Phase 5Evaluation and Security·10 min read

Designing Breakpoints in Agent Systems

Phase 5 of 8

Breakpoints let you pause agents at critical moments for human review. In production agent systems, some actions are too costly to let an LLM take unsupervised — breakpoints are how you keep a human in the loop at exactly those moments. This guide shows you how to strategically place and design effective breakpoints.

Coming from Software Engineering? Agent breakpoints are analogous to debugger breakpoints and circuit breakers combined. Like a debugger breakpoint, they pause execution at a specific point so you can inspect state. Like a circuit breaker (Hystrix, Resilience4j), they prevent cascading failures by stopping execution when conditions are met. The strategic question — "where do I place breakpoints?" — is the same as choosing where to put health checks and monitoring alerts in a production system.


What are Breakpoints?

Breakpoints are strategic pause points where:

  • Execution stops
  • Human reviews current state
  • Human can approve, reject, or modify
  • Execution resumes based on human decision

When to Use Breakpoints

Critical Decision Points

# script_id: day_071_breakpoints_design/critical_decision_points
# Before irreversible actions
breakpoints = [
    "before_send_email",      # Can't unsend
    "before_api_payment",     # Financial impact
    "before_delete_data",     # Data loss
    "before_external_call"    # External effects
]

High-Risk Operations

# script_id: day_071_breakpoints_design/high_risk_operations
# Operations that need verification
breakpoints = [
    "before_code_execution",  # Security risk
    "before_database_write",  # Data integrity
    "before_file_modification"  # File changes
]

Quality Gates

# script_id: day_071_breakpoints_design/quality_gates
# Quality checkpoints
breakpoints = [
    "after_draft_complete",   # Review draft
    "after_analysis",         # Verify analysis
    "before_final_output"     # Final check
]

LangGraph Breakpoint Design

Strategic Placement

Coming from Software Engineering? LangGraph models an agent as a directed graph: nodes are functions, edges are the order they run in, and a shared state dict is passed node to node — like a workflow engine or state machine where each step reads and writes a shared context. interrupt_before=["send"] just tells that engine: stop right before this step and hand control back to me.

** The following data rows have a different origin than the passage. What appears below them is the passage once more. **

lemma deconc_lmul_letter_right:
  "deconc (\<lambda>p q. lmul_letter z (\<lambda>q'. F p q') q) w = deconc (\<lambda>p q. rmul_letter z (\<lambda>p'. F p' q) p) w"
proof (cases w)
  case (Cons b t)
  have "deconc (\<lambda>p q. lmul_letter z (\<lambda>q'. F p q') q) w =
      (\<Sum>i\<le>length t. lmul_letter z (F (take i w)) (drop i w))"
    using Cons by (simp add: deconc_def)
  also have "\<dots> = (\<Sum>i\<le>length t. if w ! i = z then F (take i w) (drop (Suc i) w) else 0)"
  proof (intro sum.cong refl)
    fix i
    assume "i \<in> {..length t}"
    then have "i < length w"
      using Cons by simp
    then have "drop i w = w ! i # drop (Suc i) w"
      by (rule Cons_nth_drop_Suc[symmetric])
    then show "lmul_letter z (F (take i w)) (drop i w) =
        (if w ! i = z then F (take i w) (drop (Suc i) w) else 0)"
      by simp
  qed
  also have "\<dots> = (\<Sum>i\<le>length t. rmul_letter z (\<lambda>p'. F p' (drop (Suc i) w)) (take (Suc i) w))"
  proof (intro sum.cong refl)
    fix i
    assume "i \<in> {..length t}"
    then have "i < length w"
      using Cons by simp
    then have "take (Suc i) w = take i w @ [w ! i]"
      by (rule take_Suc_conv_app_nth)
    then show "(if w ! i = z then F (take i w) (drop (Suc i) w) else 0) =
        rmul_letter z (\<lambda>p'. F p' (drop (Suc i) w)) (take (Suc i) w)"
      by simp
  qed
  also have "\<dots> = deconc (\<lambda>p q. rmul_letter z (\<lambda>p'. F p' q) p) w"
    unfolding deconc_def using Cons by (simp add: sum.atMost_Suc_shift del: sum.atMost_Suc)
  finally show ?thesis .
qed (simp add: deconc_def)

lemma adams_lmul_letter_param:
  "adams N (\<lambda>s. lmul_letter z (G s) q) p = lmul_letter z (\<lambda>q'. adams N (\<lambda>s. G s q') p) q"
  by (cases q) (simp_all add: adams_zero adams_if)

lemma adams_rmul_letter_param:
  "adams N (\<lambda>s. rmul_letter z (G s) q) p = rmul_letter z (\<lambda>q'. adams N (\<lambda>s. G s q') p) q"
  unfolding rmul_letter_def by (simp add: adams_zero adams_if)

lemma adams_letter_bracket: "adams N (letter_bracket z f) w = letter_bracket z (adams N f) w"
proof (induction N arbitrary: f w)
  case 0
  then show ?case
    by (cases w) (simp_all add: letter_bracket_def rmul_letter_def)
next
  case (Suc N)
  define F where "F p q = adams N (\<lambda>s. coprod f s q) p" for p q
  have "(\<lambda>s. coprod (letter_bracket z f) s q) =
      (\<lambda>s. letter_bracket z (\<lambda>p'. coprod f p' q) s +
        (lmul_letter z (\<lambda>q'. coprod f s q') q - rmul_letter z (\<lambda>q'. coprod f s q') q))" for q
    by (simp add: fun_eq_iff letter_bracket_def coprod_diff coprod_lmul_letter coprod_rmul_letter)
  then have "adams (Suc N) (letter_bracket z f) w =
      deconc (\<lambda>p q. letter_bracket z (\<lambda>p'. F p' q) p +
        (lmul_letter z (\<lambda>q'. F p q') q - rmul_letter z (\<lambda>q'. F p q') q)) w"
    by (simp only: adams_Suc_deconc adams_add Suc.IH adams_diff
        adams_lmul_letter_param adams_rmul_letter_param F_def)
  also have "\<dots> = deconc (\<lambda>p q. lmul_letter z (\<lambda>p'. F p' q) p) w -
      deconc (\<lambda>p q. rmul_letter z (\<lambda>q'. F p q') q) w"
    unfolding letter_bracket_def deconc_add deconc_diff deconc_lmul_letter_right by simp
  also have "\<dots> = letter_bracket z (adams (Suc N) f) w"
    unfolding letter_bracket_def lmul_letter_deconc[symmetric] rmul_letter_deconc[symmetric] F_def
      adams_Suc_deconc[symmetric, abs_def]
    by simp
  finally show ?case .
qed

section \<open>The closure of the commutator span\<close>

definition trunc_closure :: "('a list \<Rightarrow> 'k) set \<Rightarrow> ('a list \<Rightarrow> 'k) set" where
  "trunc_closure S = {f. \<forall>N. \<exists>g\<in>S. \<forall>w. length w < N \<longrightarrow> f w = g w}"

lemma comm_closure_eq_trunc_closure: "comm_closure = trunc_closure comm_span"
  by (simp add: comm_closure_def trunc_closure_def)

lemma subset_trunc_closure: "S \<subseteq> trunc_closure S"
  unfolding trunc_closure_def by blast

lemma trunc_closure_subset:
  assumes "S \<subseteq> trunc_closure T"
  shows "trunc_closure S \<subseteq> trunc_closure T"
proof
  fix f
  assume f: "f \<in> trunc_closure S"
  show "f \<in> trunc_closure T"
    unfolding trunc_closure_def
  proof (intro CollectI allI)
    fix N
    obtain g where "g \<in> S" and fg: "\<forall>w. length w < N \<longrightarrow> f w = g w"
      using f unfolding trunc_closure_def by blast
    then obtain h where "h \<in> T" and gh: "\<forall>w. length w < N \<longrightarrow> g w = h w"
      using assms unfolding trunc_closure_def by blast
    then show "\<exists>h\<in>T. \<forall>w. length w < N \<longrightarrow> f w = h w"
      using fg by auto
  qed
qed

lemma trunc_closure_local_map:
  assumes "\<And>g. g \<in> S \<Longrightarrow> \<Phi> g \<in> S"
    and "\<And>f g w. (\<And>s. length s = length w \<Longrightarrow> f s = g s) \<Longrightarrow> \<Phi> f w = \<Phi> g w"
    and "f \<in> trunc_closure S"
  shows "\<Phi> f \<in> trunc_closure S"
  unfolding trunc_closure_def
proof (intro CollectI allI)
  fix N
  obtain g where "g \<in> S" and g: "\<forall>w. length w < N \<longrightarrow> f w = g w"
    using assms(3) unfolding trunc_closure_def by blast
  have "\<Phi> f w = \<Phi> g w" if "length w < N" for w
    using that g by (intro assms(2)) simp
  then show "\<exists>h\<in>S. \<forall>w. length w < N \<longrightarrow> \<Phi> f w = h w"
    using assms(1)[OF \<open>g \<in> S\<close>] by blast
qed

lemma trunc_closure_add:
  assumes "\<And>f g. f \<in> S \<Longrightarrow> g \<in> S \<Longrightarrow> (\<lambda>w. f w + g w) \<in> S"
    and "f \<in> trunc_closure S" and "g \<in> trunc_closure S"
  shows "(\<lambda>w. f w + g w) \<in> trunc_closure S"
  unfolding trunc_closure_def
proof (intro CollectI allI)
  fix N
  obtain f' where "f' \<in> S" and "\<forall>w. length w < N \<longrightarrow> f w = f' w"
    using assms(2) unfolding trunc_closure_def by blast
  moreover obtain g' where "g' \<in> S" and "\<forall>w. length w < N \<longrightarrow> g w = g' w"
    using assms(3) unfolding trunc_closure_def by blast
  ultimately show "\<exists>h\<in>S. \<forall>w. length w < N \<longrightarrow> f w + g w = h w"
    using assms(1) by (intro bexI[of _ "\<lambda>w. f' w + g' w"]) auto
qed

inductive_set letter_bracket_span :: "('a, 'k::field) tser set" where
  zero: "(\<lambda>_. 0) \<in> letter_bracket_span"
| add_bracket: "f \<in> letter_bracket_span \<Longrightarrow> (\<lambda>w. f w + letter_bracket z g w) \<in> letter_bracket_span"

lemma letter_bracket_span_add:
  assumes "f \<in> letter_bracket_span" and "g \<in> letter_bracket_span"
  shows "(\<lambda>w. f w + g w) \<in> letter_bracket_span"
  using assms(2)
proof (induction g rule: letter_bracket_span.induct)
  case (add_bracket g z h)
  then show ?case
    using letter_bracket_span.add_bracket[OF add_bracket.IH, of z h] by (simp add: add.assoc)
qed (use assms(1) in simp)

lemma letter_bracket_span_scale:
  "f \<in> letter_bracket_span \<Longrightarrow> (\<lambda>w. c * f w) \<in> letter_bracket_span"
proof (induction f rule: letter_bracket_span.induct)
  case (add_bracket f z g)
  then show ?case
    using letter_bracket_span.add_bracket[OF add_bracket.IH, of z "\<lambda>t. c * g t"]
    by (simp add: letter_bracket_def lmul_letter_scale rmul_letter_scale algebra_simps)
qed (simp add: letter_bracket_span.zero)

lemma letter_bracket_span_sum:
  "finite K \<Longrightarrow> (\<And>k. k \<in> K \<Longrightarrow> f k \<in> letter_bracket_span) \<Longrightarrow>
    (\<lambda>w. \<Sum>k\<in>K. f k w) \<in> letter_bracket_span"
  by (induction K rule: finite_induct) (simp_all add: letter_bracket_span.zero letter_bracket_span_add)

lemma adams_letter_bracket_span: "f \<in> letter_bracket_span \<Longrightarrow> adams N f \<in> letter_bracket_span"
proof (induction f rule: letter_bracket_span.induct)
  case zero
  then show ?case
    using letter_bracket_span.zero by (simp add: adams_zero[abs_def])
next
  case (add_bracket f z g)
  have "adams N (\<lambda>w. f w + letter_bracket z g w) = (\<lambda>w. adams N f w + letter_bracket z (adams N g) w)"
    by (simp add: fun_eq_iff adams_add adams_letter_bracket)
  then show ?case
    using letter_bracket_span.add_bracket[OF add_bracket.IH] by simp
qed

definition tword :: "'a list \<Rightarrow> ('a, 'k::field) tser" where
  "tword p = (\<lambda>w. if w = p then 1 else 0)"

lemma tword_Nil: "tword [] = tone"
  by (simp add: tword_def tone_def fun_eq_iff)

lemma tmul_tword_letter_left:
  fixes f :: "('a, 'k::field) tser"
  shows "tmul (tword [z]) f = lmul_letter z f"
proof
  fix w
  show "tmul (tword [z]) f w = lmul_letter z f w"
  proof (cases w)
    case (Cons a t)
    have "(\<lambda>s. tword [z] (a # s)) = (if a = z then tone else (\<lambda>_. 0 :: 'k))"
      by (auto simp: tword_def tone_def fun_eq_iff)
    moreover have "tword [z] [] = (0 :: 'k)"
      by (simp add: tword_def)
    ultimately show ?thesis
      unfolding Cons tmul_Cons by (simp add: tmul_tone_left tmul_zero_left)
  qed (simp add: tword_def)
qed

lemma tmul_tword_letter_right: "tmul f (tword [z]) = rmul_letter z f"
proof
  fix w
  show "tmul f (tword [z]) w = rmul_letter z f w"
    by (induction w arbitrary: f) (auto simp: tmul_Cons tword_def rmul_letter_Cons split: if_splits)
qed

lemma tword_Cons: "tword (z # p) = tmul (tword [z]) (tword p)"
  unfolding tmul_tword_letter_left by (auto simp: fun_eq_iff tword_def lmul_letter_def split: list.split)

lemma letter_bracket_span_subset_comm_span:
  "(letter_bracket_span :: ('a, 'k::field) tser set) \<subseteq> comm_span"
proof
  fix f :: "('a, 'k) tser"
  assume "f \<in> letter_bracket_span"
  then show "f \<in> comm_span"
  proof (induction f rule: letter_bracket_span.induct)
    case zero
    then show ?case
      using comm_span.zero by (simp add: tzero_def)
  next
    case (add_bracket f z g)
    then show ?case
      using comm_span.step[OF add_bracket.IH, of "tword [z]" g]
      by (simp add: tmul_tword_letter_left tmul_tword_letter_right letter_bracket_def add_diff_eq)
  qed
qed

text \<open>\<open>[z p, b] = [p, b z] + [z, p b]\<close>\<close>

lemma commutator_tword_in_letter_bracket_span:
  "(\<lambda>w. tmul (tword p) b w - tmul b (tword p) w) \<in> letter_bracket_span"
proof (induction p arbitrary: b)
  case Nil
  then show ?case
    by (simp add: tword_Nil tmul_tone_left tmul_tone_right letter_bracket_span.zero)
next
  case (Cons z p)
  have "tmul (tword (z # p)) b w = lmul_letter z (tmul (tword p) b) w" for w
    using tmul_assoc[of "tword [z]" "tword p" b w] by (simp only: tword_Cons[of z p] tmul_tword_letter_left)
  moreover have "tmul b (tword (z # p)) w = tmul (rmul_letter z b) (tword p) w" for w
    using tmul_assoc[of b "tword [z]" "tword p" w]
    by (simp only: tword_Cons[of z p] tmul_tword_letter_left tmul_tword_letter_right)
  moreover have "rmul_letter z (tmul (tword p) b) w = tmul (tword p) (rmul_letter z b) w" for w
    using tmul_assoc[of "tword p" b "tword [z]" w] by (simp only: tmul_tword_letter_right)
  ultimately show ?case
    using letter_bracket_span.add_bracket[OF Cons.IH[of "rmul_letter z b"], of z "tmul (tword p) b"]
    by (simp add: letter_bracket_def algebra_simps)
qed

text \<open>Below any length, \<open>a\<close> agrees with a finite combination of words, because \<open>'a\<close> is finite.\<close>

lemma commutator_in_trunc_closure:
  "(\<lambda>w. tmul a b w - tmul b a w) \<in> trunc_closure (letter_bracket_span :: ('a::finite, 'k::field) tser set)"
  unfolding trunc_closure_def
proof (intro CollectI allI)
  fix N
  define P where "P = {p :: 'a list. length p < N}"
  have "finite P"
    unfolding P_def using finite_lists_length_le[of "UNIV :: 'a set" N]
    by (rule finite_subset[rotated]) auto
  define a' where "a' t = (\<Sum>p\<in>P. a p * tword p t)" for t
  have a': "a' t = a t" if "length t < N" for t
  proof -
    have "a' t = (\<Sum>p\<in>P. if p = t then a p else 0)"
      unfolding a'_def tword_def by (intro sum.cong) auto
    then show ?thesis
      using that \<open>finite P\<close> by (simp add: P_def)
  qed
  have "(\<lambda>w. tmul a' b w - tmul b a' w) = (\<lambda>w. \<Sum>p\<in>P. a p * (tmul (tword p) b w - tmul b (tword p) w))"
    unfolding a'_def[abs_def] tmul_sum_left tmul_sum_right
    by (simp add: fun_eq_iff algebra_simps sum_subtractf)
  also have "\<dots> \<in> letter_bracket_span"
    using \<open>finite P\<close>
    by (intro letter_bracket_span_sum letter_bracket_span_scale commutator_tword_in_letter_bracket_span)
  finally have "(\<lambda>w. tmul a' b w - tmul b a' w) \<in> letter_bracket_span" .
  moreover have "tmul a b w = tmul a' b w" and "tmul b a w = tmul b a' w" if "length w < N" for w
    using that by (auto intro: tmul_cong_left tmul_cong_right simp: a')
  ultimately show "\<exists>g\<in>letter_bracket_span. \<forall>w. length w < N \<longrightarrow> tmul a b w - tmul b a w = g w"
    by (intro bexI[of _ "\<lambda>w. tmul a' b w - tmul b a' w"]) simp_all
qed

lemma comm_closure_eq_letter_brackets:
  "comm_closure = trunc_closure (letter_bracket_span :: ('a::finite, 'k::field) tser set)"
proof -
  have "comm_span \<subseteq> trunc_closure (letter_bracket_span :: ('a, 'k) tser set)"
  proof
    fix f :: "('a, 'k) tser"
    assume "f \<in> comm_span"
    then show "f \<in> trunc_closure letter_bracket_span"
    proof (induction f rule: comm_span.induct)
      case zero
      then show ?case
        unfolding tzero_def by (rule subsetD[OF subset_trunc_closure letter_bracket_span.zero])
    next
      case (step f a b)
      have "(\<lambda>w. f w + (tmul a b w - tmul b a w)) \<in> trunc_closure letter_bracket_span"
        by (intro trunc_closure_add letter_bracket_span_add step.IH commutator_in_trunc_closure)
      then show ?case
        by (simp add: add_diff_eq)
    qed
  qed
  moreover have "letter_bracket_span \<subseteq> trunc_closure (comm_span :: ('a, 'k) tser set)"
    using letter_bracket_span_subset_comm_span subset_trunc_closure by (rule order_trans)
  ultimately show ?thesis
    unfolding comm_closure_eq_trunc_closure by (intro subset_antisym trunc_closure_subset)
qed
lemma idxK_plus_1_le_stopT_if_mixed:
  assumes e: "e \<in> signs n" and mixed: "\<not> constant_prefix e" and K_le: "K \<le> n - 3"
  shows "K + 1 \<le> stopT n v e"
  unfolding stopT_eq_first_hit
proof (rule first_hit_ge)
  fix t assume hit: "t \<in> {1..n - 1}" "1 - v (t + 1) < \<bar>Xs v e t\<bar>"
  have "t \<noteq> K" using hit(2) no_hit_at_idxK_if_mixed[OF assms] by auto
  with hit_ge_idxK[OF e hit] show "K + 1 \<le> t" by simp
qed (use K_le n_ge_4 in simp)

lemma idxK_plus_2_le_stopT_if_mixed:
  assumes e: "e \<in> signs n" and mixed: "\<not> constant_prefix e" and K_le: "K \<le> n - 4"
  shows "K + 2 \<le> stopT n v e"
  unfolding stopT_eq_first_hit
proof (rule first_hit_ge)
  fix t assume hit: "t \<in> {1..n - 1}" "1 - v (t + 1) < \<bar>Xs v e t\<bar>"
  have "K \<le> n - 3" using K_le by simp
  then have "t \<noteq> K" using hit(2) no_hit_at_idxK_if_mixed[OF e mixed] by auto
  moreover have "t \<noteq> K + 1" using hit(2) no_hit_after_idxK_if_mixed[OF assms] by (auto simp: add.assoc)
  ultimately show "K + 2 \<le> t" using hit_ge_idxK[OF e hit] by simp
qed (use K_le n_ge_4 in simp)

lemma stopT_eq_idxK_iff:
  assumes e: "e \<in> signs n" and K_le: "K \<le> n - 3"
  shows "stopT n v e = K \<longleftrightarrow> constant_prefix e"
proof
  assume "stopT n v e = K"
  then show "constant_prefix e"
    using idxK_plus_1_le_stopT_if_mixed[OF e _ K_le] by fastforce
next
  assume "constant_prefix e"
  with e show "stopT n v e = K"
    by (rule stopT_eq_idxK_if_constant_prefix) (use K_le n_ge_4 in simp)
qed

end

theorem mainTheorem7:
  fixes n :: nat and v :: "nat \<Rightarrow> real"
  assumes n4: "n \<ge> 4"
    and sq: "(\<Sum>i = 1..n. (v i)\<^sup>2) \<le> 1"
    and o1: "v 1 \<le> v n"
    and o2: "v (n-1) \<le> v 1"
    and o3: "v 2 \<le> v (n-1)"
    and o4: "\<And>i. 2 \<le> i \<Longrightarrow> i < n - 2 \<Longrightarrow> v (i+1) \<le> v i"
    and o5: "0 \<le> v (n-2)"
  shows
    "(idxK n v \<le> n - 4 \<longrightarrow>
        (\<forall>e \<in> signs n. (\<forall>i \<in> {1..idxK n v}. e i = e 1) \<longrightarrow> stopT n v e = idxK n v)
      \<and> (\<forall>e \<in> signs n. \<not> (\<forall>i \<in> {1..idxK n v}. e i = e 1) \<longrightarrow> stopT n v e \<ge> idxK n v + 2)
      \<and> measure_pmf.prob (rademacher n) {e. \<forall>i \<in> {1..idxK n v}. e i = e 1}
          = 2 powr (1 - real (idxK n v)))
   \<and> (idxK n v = n - 3 \<longrightarrow>
        measure_pmf.prob (rademacher n) {e. stopT n v e = idxK n v} = 2 powr (1 - real (idxK n v))
      \<and> (\<forall>e \<in> signs n. stopT n v e \<noteq> idxK n v \<longrightarrow> stopT n v e \<ge> idxK n v + 1))"
proof -
  interpret ordered_weights n v
    using n4 o1 o2 o3 o4 o5 by unfold_locales
  have prefix_prob: "measure_pmf.prob (rademacher n) {e. constant_prefix e} = 2 powr (1 - real K)"
    using idxK_bounds by (intro prob_rademacher_constant_prefix) auto
  show ?thesis
  proof (intro conjI impI ballI)
    fix e assume K_le: "K \<le> n - 4" and e: "e \<in> signs n" and prefix: "constant_prefix e"
    show "stopT n v e = K"
      using stopT_eq_idxK_if_constant_prefix[OF e prefix] K_le n4 by simp
  next
    fix e assume "K \<le> n - 4" "e \<in> signs n" "\<not> constant_prefix e"
    then show "K + 2 \<le> stopT n v e"
      by (intro idxK_plus_2_le_stopT_if_mixed)
  next
    show "measure_pmf.prob (rademacher n) {e. constant_prefix e} = 2 powr (1 - real K)"
      by (rule prefix_prob)
  next
    assume "K = n - 3"
    then have "signs n \<inter> {e. stopT n v e = K} = signs n \<inter> {e. constant_prefix e}"
      using stopT_eq_idxK_iff by (intro set_eqI) (simp only: Int_iff mem_Collect_eq, blast)
    then show "measure_pmf.prob (rademacher n) {e. stopT n v e = K} = 2 powr (1 - real K)"
      using prefix_prob by (simp only: measure_rademacher)
  next
    fix e assume "e \<in> signs n" "stopT n v e \<noteq> K"
    then show "K + 1 \<le> stopT n v e"
      using idxK_le_stopT by (simp add: Suc_le_eq le_neq_implies_less)
  qed
qed

end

# script_id: day_071_breakpoints_design/strategic_placement
from langgraph.graph import StateGraph, END
from langgraph.checkpoint.memory import MemorySaver
from typing import TypedDict, Annotated
from operator import add

class WorkflowState(TypedDict):
    task: str
    draft: str
    final: str
    messages: Annotated[list, add]  # the `add` reducer appends to this list instead of overwriting it

def create_draft(state: WorkflowState) -> dict:
    """Create initial draft."""
    return {"draft": f"Draft for: {state['task']}", "messages": ["Draft created"]}

def review_and_edit(state: WorkflowState) -> dict:
    """Edit based on review."""
    return {"draft": state["draft"] + " [edited]", "messages": ["Draft edited"]}

def finalize(state: WorkflowState) -> dict:
    """Finalize the output."""
    return {"final": state["draft"], "messages": ["Finalized"]}

def send_output(state: WorkflowState) -> dict:
    """Send the final output (irreversible!)."""
    # This is where we want a breakpoint!
    return {"messages": ["Output sent!"]}

# Build workflow
workflow = StateGraph(WorkflowState)

workflow.add_node("draft", create_draft)
workflow.add_node("edit", review_and_edit)
workflow.add_node("finalize", finalize)
workflow.add_node("send", send_output)  # Breakpoint before this!

workflow.set_entry_point("draft")
workflow.add_edge("draft", "edit")
workflow.add_edge("edit", "finalize")
workflow.add_edge("finalize", "send")
workflow.add_edge("send", END)

# Compile with breakpoint BEFORE send
checkpointer = MemorySaver()
app = workflow.compile(
    checkpointer=checkpointer,
    interrupt_before=["send"]  # Pause before sending!
)
# MemorySaver keeps state in memory; swap in SqliteSaver
# (pip install langgraph-checkpoint-sqlite, used via
#  `with SqliteSaver.from_conn_string(...) as checkpointer:`) to persist across restarts.

Using the Breakpoint

# script_id: day_071_breakpoints_design/strategic_placement
# Run until breakpoint
config = {"configurable": {"thread_id": "task-123"}}
result = app.invoke(
    {"task": "Write email", "draft": "", "final": "", "messages": []},
    config=config
)

print("Paused before 'send' node")
print(f"Draft awaiting approval: {result['draft']}")
print()

# Human reviews and decides
human_approval = input("Approve sending? (yes/no): ")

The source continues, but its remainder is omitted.